### REQUIREMENT
Write out exactly the lines of the entries below from the one holding "- (\<Sum>n. let p = n + 2 in" to the one holding "theory Defs", inclusive, and leave out all other lines.

### Saved data entries
★ ★ ★ ★

theorem mainTheorem1:
  fixes \<alpha> a b t :: real and x :: "real \<Rightarrow> real"
  assumes "0 < \<alpha>" "\<alpha> < 1" "0 < a" "a < b"
    and "abs_continuous_on_interval a b x"
    and "t \<in> {a<..<b}"
    and "x differentiable (at t)"
  shows "hadamard_left_deriv \<alpha> a x t =
      (1 / Gamma (1 - \<alpha>)) * (ln (t / a)) powr (- \<alpha>) * x t
    + hadB \<alpha> * (ln (t / a)) powr (1 - \<alpha>) * t * deriv x t
    - (\<Sum>n. let p = n + 2 in
          hadC \<alpha> p * (ln (t / a)) powr (1 - \<alpha> - real p) * hadV a x p t
        - Gamma (real p + \<alpha> - 1) / (Gamma \<alpha> * Gamma (1 - \<alpha>) * fact (p - 1))
            * (ln (t / a)) powr (- \<alpha>) * x t)"
proof -
  have continuous: "continuous_on {a..b} x"
    using assms(5) by (rule continuous_on_if_abs_continuous_on_interval)
  then obtain M where "\<forall>\<tau>\<in>{a..b}. \<bar>x \<tau> - x t\<bar> \<le> M * \<bar>ln \<tau> - ln t\<bar>"
    using differentiable_imp_ln_lipschitz_at[OF assms(7)] assms(3,6) by fastforce
  then interpret hadamard_vanishing \<alpha> a b t M "\<lambda>\<tau>. x \<tau> - x t"
    using assms continuous by unfold_locales (auto intro!: continuous_intros)
  show ?thesis
    using hadamard_left_deriv_eq sums_unique[OF hadamard_series_sums] hadB_eq_0[OF assms(1,2)]
    by (simp add: L_def diff_divide_distrib)
qed

end
(* Let $R>1$ and $N\ge1$ with $RN$ an integer. For every encoding channel $\mathcal E$ from $RN$ qubits to $N$ qubits together with a classical register $M$, and every decoding channel $\mathcal D$ from the $N$ qubits and $M$ back to $RN$ qubits, \[ F_c\bigl(\mathcal D\circ(\mathcal I_2^{\otimes N}\otimes\mathcal I_M)\circ\mathcal E\bigr)\le 2^{-(R-1)N}, \] where $\mathcal I_2$ is the one-qubit identity channel; i.e. the strong converse parameter of $\mathcal I_2$ at rate $R$ satisfies $\gamma^Q(\mathcal I_2,R)=R-1>0$.
   Context: $\log$ base 2. For a channel $\Lambda$ on $m$ qubits, the channel fidelity is $F_c(\Lambda)=\langle\Phi|(\mathrm{id}\otimes\Lambda)(\Phi)|\Phi\rangle$ with $\Phi$ the maximally entangled state on $2^m\times2^m$ dimensions. A strong converse with parameter $\gamma^Q(\mathcal N,R)>0$ for a channel $\mathcal N$ at rate $R$ means that for all $N$ and all encodings $\mathcal E$ of $RN$ qubits into the input of $\mathcal N^{\otimes N}$ plus free forward classical communication $M$, and all decodings $\mathcal D$, $F_c(\mathcal D\circ(\mathcal N^{\otimes N}\otimes\mathcal I_M)\circ\mathcal E)\le2^{-\gamma^Q(\mathcal N,R)N}$. *)

theory Defs
  imports Complex_Main "Jordan_Normal_Form.Schur_Decomposition"
begin

definition kraus_channel :: "nat \<Rightarrow> nat \<Rightarrow> complex mat list \<Rightarrow> bool" where
  "kraus_channel din dout Ks \<longleftrightarrow>
     (\<forall>K\<in>set Ks. K \<in> carrier_mat dout din) \<and>
     foldr (\<lambda>K acc. mat_adjoint K * K + acc) Ks (0\<^sub>m din din) = 1\<^sub>m din"

definition apply_kraus :: "nat \<Rightarrow> complex mat list \<Rightarrow> complex mat \<Rightarrow> complex mat" where
  "apply_kraus dout Ks \<rho> = foldr (\<lambda>K acc. K * \<rho> * mat_adjoint K + acc) Ks (0\<^sub>m dout dout)"

definition mat_unit :: "nat \<Rightarrow> nat \<Rightarrow> nat \<Rightarrow> complex mat" where
  "mat_unit d i j = mat d d (\<lambda>(r, c). if r = i \<and> c = j then 1 else 0)"

(* channel fidelity F_c(L) = <Phi|(id (x) L)(Phi)|Phi>, Phi maximally entangled on d x d;
   expanded: (1/d^2) sum_{i,j<d} <i| L(|i><j|) |j> *)
definition channel_fidelity :: "nat \<Rightarrow> (complex mat \<Rightarrow> complex mat) \<Rightarrow> complex" where
  "channel_fidelity d \<Lambda> =
     (\<Sum>i<d. \<Sum>j<d. \<Lambda> (mat_unit d i j) $$ (i, j)) / of_nat (d * d)"

(* System = (N qubits) (x) (classical register M of size m), basis index a*m + x,
   a < 2^N, x < m.  The register being classical means it is (completely) dephased
   in its computational basis; the identity channel on the N qubits acts trivially. *)
definition classical_reg_proj :: "nat \<Rightarrow> nat \<Rightarrow> nat \<Rightarrow> complex mat" where
  "classical_reg_proj N m x =
     mat (2 ^ N * m) (2 ^ N * m) (\<lambda>(r, c). if r = c \<and> r mod m = x then 1 else 0)"

definition id_qubits_classical :: "nat \<Rightarrow> nat \<Rightarrow> complex mat list" where
  "id_qubits_classical N m = map (classical_reg_proj N m) [0..<m]"

end

theory Submission
  imports Defs "HOL-Analysis.Convex"
begin

text \<open>
  Up to the factor \<open>d\<^sup>-\<^sup>2\<close>, \<open>d = 2\<^sup>k\<close>, the channel fidelity of the composite channel is the sum of
  \<open>|tr K|\<^sup>2\<close> over its Kraus operators \<open>K = D\<^sub>l P\<^sub>x E\<^sub>t\<close>, where \<open>P\<^sub>x\<close> projects onto the register
  value \<open>x\<close>. The trace of \<open>D\<^sub>l P\<^sub>x E\<^sub>t\<close> collects the \<open>2\<^sup>N\<close> diagonal entries \<open>(E\<^sub>t D\<^sub>l)\<^sub>a\<^sub>a\<close> with
  \<open>a mod m = x\<close>, so Cauchy-Schwarz costs a factor \<open>2\<^sup>N\<close>. A second Cauchy-Schwarz inequality
  together with trace preservation of encoder and decoder bounds \<open>\<Sum> |(E\<^sub>t D\<^sub>l)\<^sub>a\<^sub>a|\<^sup>2\<close> by \<open>d\<close>.
  Hence \<open>F\<^sub>c \<le> 2\<^sup>N d / d\<^sup>2 = 2\<^sup>N\<^sup>-\<^sup>k\<close>.
\<close>

lemma sum_rotate3:
  "(\<Sum>i\<in>I. \<Sum>j\<in>J. \<Sum>x\<in>X. f i j x) = (\<Sum>x\<in>X. \<Sum>i\<in>I. \<Sum>j\<in>J. f i j x)"
proof -
  have "(\<Sum>i\<in>I. \<Sum>j\<in>J. \<Sum>x\<in>X. f i j x) = (\<Sum>i\<in>I. \<Sum>x\<in>X. \<Sum>j\<in>J. f i j x)"
    by (rule sum.cong[OF refl], rule sum.swap)
  also have "\<dots> = (\<Sum>x\<in>X. \<Sum>i\<in>I. \<Sum>j\<in>J. f i j x)"
    by (rule sum.swap)
  finally show ?thesis .
qed

lemma sum_sum_delta:
  fixes F :: "nat \<Rightarrow> nat \<Rightarrow> 'a::comm_monoid_add"
  assumes "i < c" and "j < c"
  shows "(\<Sum>p<c. \<Sum>q<c. if p = i \<and> q = j then F p q else 0) = F i j"
proof -
  have "(\<Sum>p<c. \<Sum>q<c. if p = i \<and> q = j then F p q else 0)
      = (\<Sum>p<c. if p = i then (\<Sum>q<c. if q = j then F p q else 0) else 0)"
    by (intro sum.cong refl) auto
  also have "\<dots> = F i j"
    using assms by simp
  finally show ?thesis .
qed

lemma card_same_residue:
  assumes "r < m"
  shows "card {b\<in>{..<M * m}. b mod m = r} = M"
proof -
  have "{b\<in>{..<M * m}. b mod m = r} = (\<lambda>q. q * m + r) ` {..<M}"
  proof (intro equalityI subsetI)
    fix b assume "b \<in> {b\<in>{..<M * m}. b mod m = r}"
    then have "b = (b div m) * m + r" "b div m < M"
      by (auto simp: less_mult_imp_div_less)
    then show "b \<in> (\<lambda>q. q * m + r) ` {..<M}" by blast
  next
    fix b assume "b \<in> (\<lambda>q. q * m + r) ` {..<M}"
    then obtain q where "q < M" "b = q * m + r" by auto
    moreover have "q * m + r < (q + 1) * m" using assms by simp
    moreover have "(q + 1) * m \<le> M * m" using \<open>q < M\<close> mult_le_mono1[of "q + 1" M m] by simp
    ultimately show "b \<in> {b\<in>{..<M * m}. b mod m = r}" using assms by auto
  qed
  moreover have "inj_on (\<lambda>q. q * m + r) {..<M}"
    using assms by (intro inj_onI) simp
  ultimately show ?thesis by (simp add: card_image)
qed

lemma Re_mult_cnj_le: "Re (z * cnj w) \<le> ((cmod z)\<^sup>2 + (cmod w)\<^sup>2) / 2"
proof -
  have "Re (z * cnj w) \<le> cmod z * cmod w"
    using complex_Re_le_cmod[of "z * cnj w"] by (simp add: norm_mult)
  also have "\<dots> \<le> ((cmod z)\<^sup>2 + (cmod w)\<^sup>2) / 2"
    using sum_squares_bound[of "cmod z" "cmod w"] by simp
  finally show ?thesis .
qed

lemma Re_sum_same_residue_le:
  fixes f :: "nat \<Rightarrow> complex"
  assumes "m \<ge> 1"
  shows "Re (\<Sum>a<M * m. \<Sum>b<M * m. if a mod m = b mod m then f a * cnj (f b) else 0)
         \<le> M * (\<Sum>a<M * m. (cmod (f a))\<^sup>2)"
proof -
  define g where "g a = (cmod (f a))\<^sup>2" for a
  let ?S = "\<lambda>h :: nat \<Rightarrow> real. \<Sum>a<M * m. \<Sum>b<M * m. if a mod m = b mod m then h a else 0"
  have sym: "(\<Sum>a<M * m. \<Sum>b<M * m. if a mod m = b mod m then g b else 0) = ?S g"
    by (subst sum.swap) (intro sum.cong refl, simp)
  have "Re (\<Sum>a<M * m. \<Sum>b<M * m. if a mod m = b mod m then f a * cnj (f b) else 0)
      \<le> (\<Sum>a<M * m. \<Sum>b<M * m. if a mod m = b mod m then (g a + g b) / 2 else 0)"
    unfolding Re_sum g_def
  proof (intro sum_mono)
    fix a b
    show "Re (if a mod m = b mod m then f a * cnj (f b) else 0)
          \<le> (if a mod m = b mod m then ((cmod (f a))\<^sup>2 + (cmod (f b))\<^sup>2) / 2 else 0)"
      using Re_mult_cnj_le[of "f a" "f b"] by auto
  qed
  also have "\<dots> = (\<Sum>a<M * m. \<Sum>b<M * m.
      ((if a mod m = b mod m then g a else 0) + (if a mod m = b mod m then g b else 0)) / 2)"
    by (intro sum.cong refl) auto
  also have "\<dots> = (?S g + (\<Sum>a<M * m. \<Sum>b<M * m. if a mod m = b mod m then g b else 0)) / 2"
    by (simp only: sum.distrib flip: sum_divide_distrib)
  also have "\<dots> = ?S g"
    unfolding sym by simp
  also have "\<dots> = (\<Sum>a<M * m. M * g a)"
  proof (intro sum.cong refl)
    fix a assume "a \<in> {..<M * m}"
    have "{b\<in>{..<M * m}. a mod m = b mod m} = {b\<in>{..<M * m}. b mod m = a mod m}"
      by auto
    then have "(\<Sum>b<M * m. if a mod m = b mod m then g a else 0) = card {b\<in>{..<M * m}. b mod m = a mod m} * g a"
      by (simp only: sum.inter_filter[OF finite_lessThan, symmetric] sum_constant)
    also have "\<dots> = M * g a"
      using assms card_same_residue[of "a mod m" m M] by simp
    finally show "(\<Sum>b<M * m. if a mod m = b mod m then g a else 0) = M * g a" .
  qed
  finally show ?thesis
    by (simp add: g_def sum_distrib_left)
qed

★ ★ ★ ★

### RESPONSE FOR THIS EXERCISE
    - (\<Sum>n. let p = n + 2 in
          hadC \<alpha> p * (ln (t / a)) powr (1 - \<alpha> - real p) * hadV a x p t
        - Gamma (real p + \<alpha> - 1) / (Gamma \<alpha> * Gamma (1 - \<alpha>) * fact (p - 1))
            * (ln (t / a)) powr (- \<alpha>) * x t)"
proof -
  have continuous: "continuous_on {a..b} x"
    using assms(5) by (rule continuous_on_if_abs_continuous_on_interval)
  then obtain M where "\<forall>\<tau>\<in>{a..b}. \<bar>x \<tau> - x t\<bar> \<le> M * \<bar>ln \<tau> - ln t\<bar>"
    using differentiable_imp_ln_lipschitz_at[OF assms(7)] assms(3,6) by fastforce
  then interpret hadamard_vanishing \<alpha> a b t M "\<lambda>\<tau>. x \<tau> - x t"
    using assms continuous by unfold_locales (auto intro!: continuous_intros)
  show ?thesis
    using hadamard_left_deriv_eq sums_unique[OF hadamard_series_sums] hadB_eq_0[OF assms(1,2)]
    by (simp add: L_def diff_divide_distrib)
qed

end
(* Let $R>1$ and $N\ge1$ with $RN$ an integer. For every encoding channel $\mathcal E$ from $RN$ qubits to $N$ qubits together with a classical register $M$, and every decoding channel $\mathcal D$ from the $N$ qubits and $M$ back to $RN$ qubits, \[ F_c\bigl(\mathcal D\circ(\mathcal I_2^{\otimes N}\otimes\mathcal I_M)\circ\mathcal E\bigr)\le 2^{-(R-1)N}, \] where $\mathcal I_2$ is the one-qubit identity channel; i.e. the strong converse parameter of $\mathcal I_2$ at rate $R$ satisfies $\gamma^Q(\mathcal I_2,R)=R-1>0$.
   Context: $\log$ base 2. For a channel $\Lambda$ on $m$ qubits, the channel fidelity is $F_c(\Lambda)=\langle\Phi|(\mathrm{id}\otimes\Lambda)(\Phi)|\Phi\rangle$ with $\Phi$ the maximally entangled state on $2^m\times2^m$ dimensions. A strong converse with parameter $\gamma^Q(\mathcal N,R)>0$ for a channel $\mathcal N$ at rate $R$ means that for all $N$ and all encodings $\mathcal E$ of $RN$ qubits into the input of $\mathcal N^{\otimes N}$ plus free forward classical communication $M$, and all decodings $\mathcal D$, $F_c(\mathcal D\circ(\mathcal N^{\otimes N}\otimes\mathcal I_M)\circ\mathcal E)\le2^{-\gamma^Q(\mathcal N,R)N}$. *)

theory Defs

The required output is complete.